DOI: https://doi.org/10.18502/ijhoscr.v20i2.21778

Keywords: Luspatercept; Anemia; β-thalassemia; Myelodysplastic syndromes (MDS); Erythroid response; Hematologic improvement; Retrospective study

Abstract

Background: Anemia is a common clinical condition in hematology, associated with diverse etiologies and treatment strategies, many of which have notable limitations. Luspatercept, a novel erythroid maturation agent, has shown promise in treating anemia, particularly in patients with β-thalassemia and myelodysplastic syndromes (MDS). This study aimed to evaluate the real-world hematologic effectiveness of luspatercept across various anemia subtypes.

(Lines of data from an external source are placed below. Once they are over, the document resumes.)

lemma A_canonical_odd_intro:
  assumes o: "odd n" and N: "A_normal (n div 2) p"
    and c: "(\<forall>i\<in>{1..n div 2}. \<not> symq (p i)) \<longrightarrow> pc = 0"
    and v: "adj_cond (n div 2) p" "adj_central_cond (n div 2) p pc"
  shows "A_canonical n p pc"
proof -
  have r: "\<forall>i\<in>{1..n div 2}. p i \<in> {1,3,6,8}"
    and f1: "first_label (n div 2) symq 1 p" and f2: "first_label (n div 2) skewq 6 p"
    using N unfolding A_normal_def by auto
  have "n > 1 \<longrightarrow> p 1 \<in> {1,6}"
  proof
    assume "n > 1"
    then have m: "1 \<le> n div 2" using o by auto
    then have "symq (p 1) \<or> skewq (p 1)" using r range_types by auto
    then show "p 1 \<in> {1,6}" using first_label_at_1[OF f1 m] first_label_at_1[OF f2 m] by auto
  qed
  moreover have "(\<forall>i\<in>{1..n div 2}. skewq (p i)) \<longrightarrow> pc = 0" using c r range_types by blast
  ultimately show ?thesis unfolding A_canonical_def using o f1 f2 v by auto
qed

text \<open>Even n: if the first quad is skew, alternate to make it symmetric; then
  normalise, which turns it into 1.\<close>

lemma A_move_E: "A_move n A C D A' C' D' gs gk \<Longrightarrow> (A',A',C',D') \<in> NS n \<and> NS_equiv n (A,A,C,D) (A',A',C',D')"
  by (simp add: A_move_def)

lemma A_canonical_exists_even:
  assumes S: "(A,A,C,D) \<in> NS n" and e: "even n" and n1: "n \<ge> 1"
  shows "\<exists>A' C' D'. (A',A',C',D') \<in> NS n \<and> NS_equiv n (A,A,C,D) (A',A',C',D') \<and> A_canonical n (quad A' A') (central A' A')"
proof -
  have n2: "n \<ge> 2" using e n1 by presburger
  have one: "(1::nat) \<in> {1..n div 2}" using n2 by auto
  obtain A1 C1 D1 where 1: "(A1,A1,C1,D1) \<in> NS n" "NS_equiv n (A,A,C,D) (A1,A1,C1,D1)" "symq (quad A1 A1 1)"
  proof (cases "symq (quad A A 1)")
    case True
    then show ?thesis using that S equiv_refl by blast
  next
    case False
    have "quad A A 1 \<in> {1,3,6,8}" using A_range[OF S one] .
    then have "quad A A 1 \<in> {3,6}" using False by (auto simp: symq_def)
    then have "symq (lab_alt1 (quad A A 1))" by (auto simp: label_maps)
    then show ?thesis using that alt_effect_even[OF S e n2] by auto
  qed
  obtain A2 C2 D2 gs gk where 2: "A_move n A1 C1 D1 A2 C2 D2 gs gk" "first_label (n div 2) symq 1 (quad A2 A2)"
    "first_label (n div 2) skewq 6 (quad A2 A2)"
    using A_normalize[OF 1(1)] by blast
  have "quad A2 A2 1 = A_act gs gk (quad A1 A1 1)" using 2(1) one by (simp add: A_move_def)
  then have "symq (quad A2 A2 1)" using 1(3) A_act_sym by simp
  then have "quad A2 A2 1 = 1" using 2(2) one unfolding first_label_def by auto
  then have "A_canonical n (quad A2 A2) (central A2 A2)" unfolding A_canonical_def using e 2(2,3) by auto
  then show ?thesis using A_move_E[OF 2(1)] 1(2) equiv_trans by blast
qed


text \<open>After normalisation only (v) may fail.  Let i be the first index
  with p_i, p_(i+1) of the same type (or i = m if there is none).  Along 1..i
  the types alternate, so the quad r \<in> {1,2} with r \<equiv> i (mod 2) is the first
  of its type, hence good.  Whether p_(i+1) and p_r are both good or both bad
  is unchanged by normalisation but reversed by alternation (r and i+1 have
  different parities).  So if (v) fails, alternating and normalising again
  repairs it; the central-column case is analogous.\<close>

lemma adj_first_uniq:
  fixes m i i' :: nat
  assumes "i \<in> {1..<m}" "P i" "\<forall>j\<in>{1..<i}. \<not> P j" "i' \<in> {1..<m}" "P i'" "\<forall>j\<in>{1..<i'}. \<not> P j"
  shows "i = i'"
proof (rule linorder_cases[of i i'])
  assume "i < i'" then show ?thesis using assms by auto
next
  assume "i' < i" then show ?thesis using assms by auto
qed

lemma alt_pattern:
  fixes tp :: "nat \<Rightarrow> bool" and i d :: nat
  assumes a: "\<forall>j\<in>{1..<i}. tp (j + 1) = (\<not> tp j)"
  shows "d < i \<Longrightarrow> tp (i - d) = (if even d then tp i else \<not> tp i)"
proof (induction d)
  case 0 then show ?case by simp
next
  case (Suc d)
  then have "i - Suc d \<in> {1..<i}" by auto
  then have "tp (i - Suc d + 1) = (\<not> tp (i - Suc d))" using a by blast
  moreover have "i - Suc d + 1 = i - d" using Suc.prems by auto
  ultimately show ?case using Suc by auto
qed

lemma norm_first:
  assumes f1: "first_label m symq 1 p" and f2: "first_label m skewq 6 p" and r: "\<forall>i\<in>{1..m}. p i \<in> {1,3,6,8}"
    and rr: "rr = 1 \<or> rr = 2" "rr \<le> m" and d: "rr = 2 \<longrightarrow> symq (p 1) \<noteq> symq (p 2)"
  shows "good_label (p rr)"
proof -
  have rm: "rr \<in> {1..m}" using rr by auto
  have one: "(1::nat) \<in> {1..m}" using rr by auto
  show ?thesis
  proof (cases "symq (p rr)")
    case True
    have "\<forall>j\<in>{1..<rr}. \<not> symq (p j)"
    proof
      fix j assume "j \<in> {1..<rr}"
      then have "j = 1" "rr = 2" using rr by auto
      then show "\<not> symq (p j)" using d True by auto
    qed
    then show ?thesis using f1 rm True unfolding first_label_def good_label_def by auto
  next
    case False
    then have sk: "skewq (p rr)" using r rm range_types by blast
    have "\<forall>j\<in>{1..<rr}. \<not> skewq (p j)"
    proof
      fix j assume "j \<in> {1..<rr}"
      then have "j = 1" "rr = 2" using rr by auto
      then show "\<not> skewq (p j)" using d False r one range_types by auto
    qed
    then show ?thesis using f2 rm sk unfolding first_label_def good_label_def by auto
  qed
qed


lemma alternating_prefix_pivot:
  assumes N: "A_normal m p" and i: "1 \<le> i" "i \<le> m"
    and alt: "\<forall>j\<in>{1..<i}. symq (p (j + 1)) = (\<not> symq (p j))"
  shows "good_label (p (if odd i then 1 else 2)) \<and> symq (p (if odd i then 1 else 2)) = symq (p i)"
proof -
  define r where "r = (if odd i then 1 else (2::nat))"
  have r: "r \<le> i" "r = 1 \<or> r = 2" "even r = even i" using i unfolding r_def by auto
  have "i - (i - r) = r" "i - r < i" "even (i - r)" using r i by auto
  then have type: "symq (p r) = symq (p i)" using alt_pattern[OF alt, of "i - r"] by auto
  have "r = 2 \<longrightarrow> symq (p 1) \<noteq> symq (p 2)"
  proof
    assume "r = 2"
    then have "(1::nat) \<in> {1..<i}" using r i unfolding r_def by (auto split: if_splits)
    then show "symq (p 1) \<noteq> symq (p 2)" using alt by (auto simp: numeral_2_eq_2)
  qed
  then have "good_label (p r)" using N r i norm_first[of m p r] unfolding A_normal_def by auto
  then show ?thesis using type unfolding r_def by blast
qed

lemma adjacent_types_alternate:
  fixes p :: "nat \<Rightarrow> nat" and m j :: nat
  assumes "\<forall>i\<in>{1..m}. p i \<in> {1,3,6,8}" "j \<in> {1..<m}" "\<not> same_type (p j) (p (j + 1))"
  shows "symq (p (j + 1)) = (\<not> symq (p j))"
proof -
  have "j \<in> {1..m}" "j + 1 \<in> {1..m}" using assms(2) by auto
  then show ?thesis using st_iff[of "p j" "p (j + 1)"] assms by auto
qed

lemma adjacent_types_transfer:
  assumes "A_normal m p" "A_normal m p'" "\<forall>x\<in>{1..m}. symq (p' x) = symq (p x)" "i \<in> {1..<m}"
  shows "same_type (p' i) (p' (i + 1)) = same_type (p i) (p (i + 1))"
proof -
  have "i \<in> {1..m}" "i + 1 \<in> {1..m}" using assms(4) by auto
  then show ?thesis using assms st_iff unfolding A_normal_def by metis
qed
theorem proposition2p4:
  fixes K :: real and \<mu> :: "'a::polish_space set \<Rightarrow> ennreal"
    and x :: 'a and B :: "'a set" and f :: "'a \<Rightarrow> real"
  assumes "doubling_mms K \<mu>"
    and "\<mu> {x} = 0"
    and "mu_nbhd \<mu> x B"
    and "\<forall>y\<in>B. f y \<ge> 0"
    and "\<exists>L. L-lipschitz_on B f"
    and "f x = 0"
  shows "Limsup (at x within B) (\<lambda>y. ereal (f y / dist y x))
         = mu_limsup \<mu> x B (\<lambda>y. f y / dist y x)"
proof -
  obtain L where "L-lipschitz_on B f"
    using assms(5) by blast
  then have "Limsup (at x within B) (\<lambda>y. ereal (f y / dist y x)) \<le> mu_limsup \<mu> x B (\<lambda>y. f y / dist y x)"
    by (rule Limsup_le_mu_limsup[OF assms(1,3,4)])
  moreover have "\<mu> {} = 0"
    using doubling_mms_outer_measure[OF assms(1)] unfolding outer_measure_def by blast
  ultimately show ?thesis
    using mu_limsup_le_Limsup by (metis antisym)
qed

end
(* Assume $\omega_\ell>0$, $\sum_\ell\omega_\ell=1$, $\sum_\ell\omega_\ell d_\ell>0$, and that for a constant $c_1\ge1$, $\|\omega\|_\infty\sum_\ell\sum_{j\in J}p^{(\ell)}_{ij}\le c_1\sum_\ell\sum_{j\in J}\omega_\ell p^{(\ell)}_{ij}$ for all $i\in[n]$, $J\subseteq[n]$. Fix $\alpha>0$ and $r\ge1$. Then there is a constant $C=C(c_1)$ such that with probability at least $1-n^{-r}$: for every $m\in[n]$ with $\sqrt{m/n}\le\alpha$ and every $I,J\subseteq[n]$ with $|I|=|J|=m$, all but at most $m\|\omega\|_\infty/(\alpha\sum_\ell\omega_\ell d_\ell)$ indices $i\in I$ satisfy $\sum_{j\in J}\bar A_{ij}\le Cr\alpha\sum_\ell\omega_\ell d_\ell$.
   Context: Here $A^{(1)},\dots,A^{(L)}$ are random $n\times n$ matrices whose entries $A^{(\ell)}_{ij}\sim\mathrm{Bern}(p^{(\ell)}_{ij})$, $i,j\in[n]$, $\ell\in[L]$, are all mutually independent (no symmetry imposed). $\bar A=\sum_\ell\omega_\ell A^{(\ell)}$, $d_\ell=\max_{i,j}np^{(\ell)}_{ij}$, $\|\omega\|_\infty=\max_\ell\omega_\ell$. *)

theory Defs
  imports "HOL-Probability.Probability"
begin

text \<open>Layers are indexed by l < L, vertices by i, j < n.
  p l i j is the Bernoulli parameter of entry (i,j) of the l-th matrix.
  A sample is a function A :: nat \<times> nat \<times> nat \<Rightarrow> bool, with A (l,i,j) = A^(l)_ij.\<close>

definition dmax :: "nat \<Rightarrow> (nat \<Rightarrow> nat \<Rightarrow> nat \<Rightarrow> real) \<Rightarrow> nat \<Rightarrow> real" where
  "dmax n p l = Max {real n * p l i j | i j. i < n \<and> j < n}"

definition winf :: "nat \<Rightarrow> (nat \<Rightarrow> real) \<Rightarrow> real" where
  "winf L \<omega> = Max (\<omega> ` {..<L})"

definition Abar :: "nat \<Rightarrow> (nat \<Rightarrow> real) \<Rightarrow> (nat \<times> nat \<times> nat \<Rightarrow> bool) \<Rightarrow> nat \<Rightarrow> nat \<Rightarrow> real" where
  "Abar L \<omega> A i j = (\<Sum>l<L. \<omega> l * (if A (l, i, j) then 1 else 0))"

definition multilayer_pmf :: "nat \<Rightarrow> nat \<Rightarrow> (nat \<Rightarrow> nat \<Rightarrow> nat \<Rightarrow> real) \<Rightarrow> (nat \<times> nat \<times> nat \<Rightarrow> bool) pmf" where
  "multilayer_pmf L n p =
     Pi_pmf ({..<L} \<times> {..<n} \<times> {..<n}) False (\<lambda>(l, i, j). bernoulli_pmf (p l i j))"

end

theory Submission
  imports Defs
begin

text \<open>Write W = max \<omega> and D = \<Sum>\<omega>(l) d(l). Suppose that for some m and sets I, J of
  size m, a set B of more than m W / (\<alpha> D) rows of I has J-row sums of Abar above 8 r \<alpha> D.
  Then the block sum of Abar over B \<times> J is at least |B| 8 r \<alpha> D. After division by W this
  block sum is a weighted sum of independent Bernoulli variables with weights in [0, 1] and
  mean at most |B| m D / (n W), so a Chernoff bound gives the event probability at most
  exp (-8 r m (1 + ln (n/m) / 2)). This beats the (n choose m)^2 2^m choices of (I, J, B)
  and the n choices of m, so the theorem holds with C = 8.\<close>

lemma exp_mult_le_chord:
  fixes s c :: real
  assumes "0 \<le> c" "c \<le> 1"
  shows "exp (s * c) \<le> 1 + c * (exp s - 1)"
proof -
  have "exp ((1 - c) *\<^sub>R 0 + c *\<^sub>R s) \<le> (1 - c) * exp 0 + c * exp s"
    using convex_onD[OF exp_convex, of c 0 s] assms by auto
  thus ?thesis by (simp add: algebra_simps)
qed

lemma bernoulli_mgf_le:
  fixes c q s :: real
  assumes c: "0 \<le> c" "c \<le> 1" and q: "0 \<le> q" "q \<le> 1"
  shows "measure_pmf.expectation (bernoulli_pmf q) (\<lambda>v. exp (s * c * (if v then 1 else 0)))
           \<le> exp (q * c * (exp s - 1))"
proof -
  have "measure_pmf.expectation (bernoulli_pmf q) (\<lambda>v. exp (s * c * (if v then 1 else 0)))
      = q * exp (s * c) + (1 - q)"
    using q by simp
  also have "\<dots> \<le> q * (1 + c * (exp s - 1)) + (1 - q)"
    using exp_mult_le_chord[OF c] q by (intro add_right_mono mult_left_mono) auto
  also have "\<dots> = 1 + q * c * (exp s - 1)" by (simp add: algebra_simps)
  also have "\<dots> \<le> exp (q * c * (exp s - 1))" by (rule exp_ge_add_one_self)
  finally show ?thesis .
qed

lemma prob_weighted_bernoulli_sum_ge:
  fixes X :: "'a set" and c q :: "'a \<Rightarrow> real" and s \<tau> :: real
  assumes fin: "finite X" and c: "\<And>x. x \<in> X \<Longrightarrow> 0 \<le> c x \<and> c x \<le> 1"
    and q: "\<And>x. x \<in> X \<Longrightarrow> 0 \<le> q x \<and> q x \<le> 1" and s: "s \<ge> 0"
  shows "measure_pmf.prob (Pi_pmf X False (\<lambda>x. bernoulli_pmf (q x)))
           {A. \<tau> \<le> (\<Sum>x\<in>X. c x * (if A x then 1 else 0))}
         \<le> exp (- s * \<tau> + (exp s - 1) * (\<Sum>x\<in>X. c x * q x))"
proof -
  define M where "M = Pi_pmf X False (\<lambda>x. bernoulli_pmf (q x))"
  define S where "S = (\<lambda>A. \<Sum>x\<in>X. c x * (if A x then 1 else 0::real))"
  define F where "F = (\<lambda>A. exp (s * S A - s * \<tau>))"
  have bounded: "S A \<le> (\<Sum>x\<in>X. c x)" for A
    unfolding S_def by (rule sum_mono) (use c in auto)
  have "measure_pmf.prob M {A. \<tau> \<le> S A} = measure_pmf.expectation M (indicator {A. \<tau> \<le> S A})"
    by simp
  also have "\<dots> \<le> measure_pmf.expectation M F"
  proof (rule integral_mono)
    show "integrable M (indicator {A. \<tau> \<le> S A} :: _ \<Rightarrow> real)"
      by (rule measure_pmf.integrable_const_bound[where B = 1]) (auto simp: indicator_def)
    show "integrable M F"
      by (rule measure_pmf.integrable_const_bound[where B = "exp (s * (\<Sum>x\<in>X. c x) - s * \<tau>)"])
         (use bounded s in \<open>auto simp: F_def intro!: mult_left_mono\<close>)
    show "indicator {A. \<tau> \<le> S A} A \<le> F A" for A
      using s by (auto simp: F_def indicator_def mult_left_mono)
  qed
  also have "F = (\<lambda>A. exp (- s * \<tau>) * (\<Prod>x\<in>X. exp (s * c x * (if A x then 1 else 0))))"
    by (auto simp: F_def S_def exp_sum[OF fin, symmetric] exp_add[symmetric] sum_distrib_left
             intro!: ext arg_cong[where f = exp] sum.cong)
  also have "measure_pmf.expectation M \<dots> = exp (- s * \<tau>) *
      (\<Prod>x\<in>X. measure_pmf.expectation (bernoulli_pmf (q x)) (\<lambda>v. exp (s * c x * (if v then 1 else 0))))"
    unfolding M_def
    by (subst integral_mult_right_zero,
        subst expectation_prod_Pi_pmf[OF fin]) (auto intro!: integrable_measure_pmf_finite)
  also have "\<dots> \<le> exp (- s * \<tau>) * (\<Prod>x\<in>X. exp (q x * c x * (exp s - 1)))"
    using c q by (intro mult_left_mono prod_mono conjI bernoulli_mgf_le) auto
  also have "\<dots> = exp (- s * \<tau> + (exp s - 1) * (\<Sum>x\<in>X. c x * q x))"
    unfolding exp_sum[OF fin, symmetric] exp_add[symmetric] by (simp add: sum_distrib_left algebra_simps)
  finally show ?thesis by (simp add: M_def S_def)
qed
(* Assume the setup of the context and let $t\in\mathbb{R}$ be proper, with $A+tB=u(x,y;t)\prod_{j=1}^M(y+q_j(x)+x^{2L_j}\psi_j(x;t))$ as in the definition of proper. Then for each $j=1,\dots,M$, $$\mathrm{Ord}\bigl(B(x,-q_j(x)-x^{2L_j}\psi_j(x;t))\bigr)=\sum_{i=1}^MO_{ij}=2L_j+\sum_{i\ne j}O_{ij},$$ $$\mathrm{Ord}\bigl((A_y+tB_y)(x,-q_j(x)-x^{2L_j}\psi_j(x;t))\bigr)=\sum_{i\neq j}O_{ij}.$$
   Context: Setup: $P\in\mathbb{C}[x,y]$ has no zeros in $\mathbb{R}\times\mathbb{H}$ ($\mathbb{H}=\{\operatorname{Im}z>0\}$), no factors in common with $\bar P(x,y)=\overline{P(\bar x,\bar y)}$, $M=\mathrm{Ord}(P(0,y))$, and the coefficient of $y^M$ in $P(0,y)$ is real. Locally $P=u\prod_{j=1}^M(y+q_j(x)+x^{2L_j}\psi_j(x^{1/k}))$ with $u$ a unit, $k\ge1$, $L_j\in\mathbb{N}$, $q_j\in\mathbb{R}[x]$, $q_j(0)=0$, $\deg q_j<2L_j$, $\psi_j\in\mathbb{C}\{x\}$, $\operatorname{Im}\psi_j(0)>0$. $A=\tfrac12(P+\bar P)$, $B=\tfrac1{2i}(P-\bar P)$, subscripts $y$ denote $\partial/\partial y$. $O_{ij}=\min\{\mathrm{Ord}(q_j-q_i),2L_j,2L_i\}$, Ord = order of vanishing at $0$. A real $t$ is called proper if there is a local factorization $A+tB=u(x,y;t)\prod_{j=1}^M(y+q_j(x)+x^{2L_j}\psi_j(x;t))$ with $u(\cdot,\cdot;t)$ a unit in $\mathbb{C}\{x,y\}$, $\psi_j(\cdot;t)\in\mathbb{R}\{x\}$, and $\mathrm{Ord}(q_j-q_i+x^{2L_j}\psi_j(x;t)-x^{2L_i}\psi_i(x;t))=O_{ij}$ for all $i\ne j$ (all but finitely many $t$ are proper). *)

theory Defs
  imports "HOL-Analysis.Analysis" "HOL-Computational_Algebra.Polynomial"
begin

text \<open>Bivariate polynomials P in C[x,y] are represented as polynomials in y whose
  coefficients are polynomials in x (type complex poly poly).\<close>

definition pev :: "complex poly poly \<Rightarrow> complex \<Rightarrow> complex \<Rightarrow> complex" where
  "pev P x y = poly (map_poly (\<lambda>c. poly c x) P) y"

definition at_x0 :: "complex poly poly \<Rightarrow> complex poly" where
  "at_x0 P = map_poly (\<lambda>c. poly c 0) P"

text \<open>bar P (x,y) = conj (P (conj x, conj y)): conjugate all coefficients.\<close>
definition pbar :: "complex poly poly \<Rightarrow> complex poly poly" where
  "pbar P = map_poly (map_poly cnj) P"

definition Apart :: "complex poly poly \<Rightarrow> complex \<Rightarrow> complex \<Rightarrow> complex" where
  "Apart P x y = (pev P x y + pev (pbar P) x y) / 2"

definition Bpart :: "complex poly poly \<Rightarrow> complex \<Rightarrow> complex \<Rightarrow> complex" where
  "Bpart P x y = (pev P x y - pev (pbar P) x y) / (2 * \<i>)"

definition Ord :: "(complex \<Rightarrow> complex) \<Rightarrow> enat" where
  "Ord f = (if \<exists>n. (deriv ^^ n) f 0 \<noteq> 0
            then enat (LEAST n. (deriv ^^ n) f 0 \<noteq> 0) else \<infinity>)"

definition cps1 :: "(complex \<Rightarrow> complex) \<Rightarrow> bool" where
  "cps1 f \<longleftrightarrow> (\<exists>r>0. \<exists>a::nat \<Rightarrow> complex. \<forall>x. norm x < r \<longrightarrow>
        (\<lambda>n. a n * x ^ n) sums f x)"

definition rps1 :: "(complex \<Rightarrow> complex) \<Rightarrow> bool" where
  "rps1 f \<longleftrightarrow> (\<exists>r>0. \<exists>a::nat \<Rightarrow> real. \<forall>x. norm x < r \<longrightarrow>
        (\<lambda>n. complex_of_real (a n) * x ^ n) sums f x)"

definition cps2 :: "(complex \<Rightarrow> complex \<Rightarrow> complex) \<Rightarrow> bool" where
  "cps2 u \<longleftrightarrow> (\<exists>r>0. \<exists>a::nat \<Rightarrow> nat \<Rightarrow> complex. \<forall>x y. norm x < r \<longrightarrow> norm y < r \<longrightarrow>
        ((\<lambda>(m,n). a m n * x ^ m * y ^ n) has_sum u x y) UNIV)"

definition unit2 :: "(complex \<Rightarrow> complex \<Rightarrow> complex) \<Rightarrow> bool" where
  "unit2 u \<longleftrightarrow> cps2 u \<and> u 0 0 \<noteq> 0"

definition Oij :: "(nat \<Rightarrow> real poly) \<Rightarrow> (nat \<Rightarrow> nat) \<Rightarrow> nat \<Rightarrow> nat \<Rightarrow> enat" where
  "Oij q L i j = min (Ord (\<lambda>x. poly (map_poly of_real (q j - q i)) x))
                     (min (enat (2 * L j)) (enat (2 * L i)))"

end

theory Submission
  imports Defs "HOL-Complex_Analysis.Complex_Analysis"
begin

text \<open>Write y_j(x) = -q_j(x) - x^(2 L_j) \<psi>_j(x;t) for the j-th zero of A + tB. On it A = -tB,
  hence P = A + iB = (i - t) B, and the order of B(x, y_j(x)) is the sum of the orders of the
  Puiseux factors of P evaluated at y = y_j(x). In the variable s with x = s^k the i-th factor
  is (y_j - y_i)(x) + x^(2 L_i) (\<psi>_i(s) - \<psi>_i(x;t)). The first summand is real on the real axis
  and, for i \<noteq> j, has order exactly O_ij because t is proper; the second has order 2 L_i and a
  leading coefficient with positive imaginary part. So no cancellation can occur and the factor
  has order O_ij, with O_jj = 2 L_j. For the derivative, A + tB = ut (y - y_j) R with R the
  product of the other factors, so d/dy (A + tB) equals ut R at y = y_j, of order
  \<Sum>_(i\<noteq>j) O_ij. All orders are computed as the exponent m for which f(x)/x^m has a nonzero
  limit at 0.\<close>

section \<open>Evaluating bivariate polynomials\<close>

lemma map_poly_eval_pderiv:
  "map_poly (\<lambda>c. poly c x) (pderiv P) = pderiv (map_poly (\<lambda>c. poly c x) P)"
  by (simp add: poly_eq_iff coeff_map_poly coeff_pderiv of_nat_poly)

lemma has_field_derivative_pev:
  "((\<lambda>y. pev P x y) has_field_derivative pev (pderiv P) x y) (at y)"
  unfolding pev_def map_poly_eval_pderiv by (rule poly_DERIV)

lemma pev_eq_sum: "pev P x y = (\<Sum>i\<le>degree P. poly (coeff P i) x * y ^ i)"
proof -
  let ?p = "map_poly (\<lambda>c. poly c x) P"
  have "degree ?p \<le> degree P"
    by (rule degree_le) (simp add: coeff_map_poly coeff_eq_0)
  then have "poly ?p y = poly (\<Sum>i\<le>degree P. monom (coeff ?p i) i) y"
    by (simp add: poly_as_sum_of_monoms')
  then show ?thesis by (simp add: pev_def poly_sum poly_monom coeff_map_poly)
qed

lemma analytic_on_poly [analytic_intros]:
  fixes p :: "complex poly"
  assumes "f analytic_on S"
  shows "(\<lambda>z. poly p (f z)) analytic_on S"
  using analytic_on_compose_gen[OF assms, of "poly p" UNIV]
  by (auto simp: analytic_on_open comp_def poly_holomorphic_on)

lemma analytic_on_pev [analytic_intros]:
  assumes "f analytic_on S" and "g analytic_on S"
  shows "(\<lambda>z. pev P (f z) (g z)) analytic_on S"
  unfolding pev_eq_sum by (intro analytic_intros assms)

Materials and Methods: A retrospective observational study was conducted on 22 patients with anemia of different origins—MDS, post-hematopoietic stem cell transplantation (HSCT), aplastic anemia (AA), and T-cell large granular lymphocytic leukemia (T-LGLL)—who received luspatercept therapy at the 960th Hospital from June 2023 to January 2025. Hematologic improvement was assessed using the International Working Group (IWG) 2018 criteria for erythroid response (HI-E). Pre- and post-treatment changes in hemoglobin (Hb), reticulocyte percentage (RET %), and absolute reticulocyte count (RET #) were analyzed using the Wilcoxon Signed-Rank Test. Multivariate regression was employed to control for age, gender, and disease severity. Statistical significance was set at P ≤ 0.05, and all analyses were performed using SPSS version 27.0.

Results: Among the 22 patients, 10 (45.5%) had MDS (5 low-risk, 5 intermediate-to-high-risk), 6 (27.3%) post-HSCT anemia, 4 (18.2%) AA, and 2 (9%) T-LGLL. A total of 16 patients (72.7%) achieved a clinically meaningful erythroid response. Seven (43.8%) of these remained transfusion-independent until the last follow-up, with a median duration of 19.5 weeks (range: 8.6–47). Median time to initial response was 3.86 weeks (range: 0.57–25.57). Significant increases were observed in Hb (P < 0.001) and RET # (P = 0.001), while the increase in RET % did not reach statistical significance (P = 0.088). These findings support the efficacy of luspatercept in promoting erythropoiesis and improving anemia in a heterogeneous patient population.

Conclusion: Luspatercept demonstrated significant hematologic improvement, particularly in hemoglobin levels, in patients with anemia from various hematologic disorders. These results support its broader therapeutic potential. Future multicenter, prospective studies are warranted to validate its role in treating other forms of anemia.